→ REQUIRED WORK
The answer should be each line from the entries below that has the word "also" in it.

··· DATA FOR THE TASK

(* Let $\eta\in C^1_c(\mathbb R^n)$ with $\eta=1$ on $B_1$, $\eta=0$ on $\mathbb R^n\setminus B_2$, $0\le\eta\le1$ and $\|\nabla\eta\|_\infty\le2$, and for $k\in\mathbb N$ let $\eta_k(x)=\eta(x/k)$. Let $p\in(1,\infty)$, $s\in(0,1)$, $u\in L^p(\mathbb R^n)$ and $u_k=\eta_ku$. Then $$J^1_{s,p}(u_k)\le C(n,p)\left(J^1_{s,p}(u)+\|u\|_p^p\right),$$ where $C(n,p)>0$ is independent of $k$.
   Context: Let $e_1=(1,0,\dots,0)$ and $J^1_{s,p}(u)=s(1-s)\int_{\mathbb R^n}\int_{\mathbb R}\frac{|u(x+he_1)-u(x)|^p}{|h|^{1+sp}}dh\,dx\in[0,\infty]$. $B_r$ denotes the open ball of radius $r$ centered at the origin. *)

theory Defs
  imports "HOL-Analysis.Analysis"
begin

text \<open>Directional fractional Gagliardo-type energy along the unit vector e
  (in the paper e = e_1):
  J(u) = s(1-s) \<integral>_{R^n} \<integral>_R |u(x+he)-u(x)|^p / |h|^{1+sp} dh dx, valued in [0,\<infinity>].\<close>
definition J1 :: "'a::euclidean_space \<Rightarrow> real \<Rightarrow> real \<Rightarrow> ('a \<Rightarrow> real) \<Rightarrow> ennreal" where
  "J1 e s p u = ennreal (s * (1 - s)) *
     (\<integral>\<^sup>+ x. (\<integral>\<^sup>+ h. ennreal (\<bar>u (x + h *\<^sub>R e) - u x\<bar> powr p / \<bar>h\<bar> powr (1 + s * p))
        \<partial>(lebesgue :: real measure)) \<partial>lebesgue)"

definition Lp_pow :: "real \<Rightarrow> ('a::euclidean_space \<Rightarrow> real) \<Rightarrow> ennreal" where
  "Lp_pow p u = (\<integral>\<^sup>+ x. ennreal (\<bar>u x\<bar> powr p) \<partial>lebesgue)"

end

theory Submission imports Defs begin

text \<open>Write the increment of \<open>\<eta>\<^sub>k u\<close> along \<open>h e\<close> as
  \<open>\<eta>\<^sub>k(x+he) (u(x+he) - u(x)) + (\<eta>\<^sub>k(x+he) - \<eta>\<^sub>k(x)) u(x)\<close>. Since \<open>0 \<le> \<eta> \<le> 1\<close> and \<open>\<eta>\<^sub>k\<close> is
  2-Lipschitz uniformly in \<open>k \<ge> 1\<close>, its modulus is at most \<open>|u(x+he) - u(x)| + 2 min(1,|h|) |u(x)|\<close>.
  The first term reproduces \<open>J(u)\<close>. In the second one the \<open>h\<close>-integral
  \<open>\<integral> min(1,|h|)^p |h|^(-1-sp) dh = 2/(p s (1-s))\<close> cancels the factor \<open>s(1-s)\<close>
  and leaves \<open>(2/p) \<parallel>u\<parallel>\<^sub>p^p\<close>.\<close>

text \<open>For fixed \<open>x\<close>, \<open>h \<mapsto> u(x + h e)\<close> need not be Lebesgue measurable, so the
  additivity and homogeneity of \<open>\<integral>\<^sup>+\<close> below avoid measurability assumptions where possible.\<close>

lemma nn_integral_add_le:
  assumes f: "f \<in> borel_measurable M"
  shows "(\<integral>\<^sup>+x. f x + g x \<partial>M) \<le> (\<integral>\<^sup>+x. f x \<partial>M) + (\<integral>\<^sup>+x. g x \<partial>M)"
proof -
  have "integral\<^sup>S M t \<le> (\<integral>\<^sup>+x. f x \<partial>M) + (\<integral>\<^sup>+x. g x \<partial>M)"
    if t: "simple_function M t" "t \<le> (\<lambda>x. f x + g x)" for t
  proof -
    define r where "r x = (if f x = top then 0 else t x - f x)" for x
    have r_measurable: "r \<in> borel_measurable M"
      unfolding r_def using f borel_measurable_simple_function[OF t(1)] by measurable
    have "t x \<le> f x + r x" for x
    proof (cases "f x \<le> t x")
      case True
      then show ?thesis unfolding r_def
        using ennreal_ineq_diff_add[OF True] by (auto simp: top_unique)
    next
      case False
      then show ?thesis by (metis add_increasing2 r_def le_cases zero_le)
    qed
    then have "integral\<^sup>S M t \<le> (\<integral>\<^sup>+x. f x + r x \<partial>M)"
      using t(1) by (auto simp flip: nn_integral_eq_simple_integral intro!: nn_integral_mono)
    also have "\<dots> = (\<integral>\<^sup>+x. f x \<partial>M) + (\<integral>\<^sup>+x. r x \<partial>M)"
      using f r_measurable by (intro nn_integral_add) auto
    also have "\<dots> \<le> (\<integral>\<^sup>+x. f x \<partial>M) + (\<integral>\<^sup>+x. g x \<partial>M)"
    proof (intro add_left_mono nn_integral_mono)
      fix x
      have "t x \<le> f x + g x" using t(2) by (simp add: le_fun_def)
      then show "r x \<le> g x" unfolding r_def by (auto simp: ennreal_minus_le_iff add.commute)
    qed
    finally show ?thesis .
  qed
  then show ?thesis
    by (subst nn_integral_def) (auto intro!: SUP_least)
qed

······

→ RESPONSE FOR THIS EXERCISE
    also have "\<dots> = (\<integral>\<^sup>+x. f x \<partial>M) + (\<integral>\<^sup>+x. r x \<partial>M)"
    also have "\<dots> \<le> (\<integral>\<^sup>+x. f x \<partial>M) + (\<integral>\<^sup>+x. g x \<partial>M)"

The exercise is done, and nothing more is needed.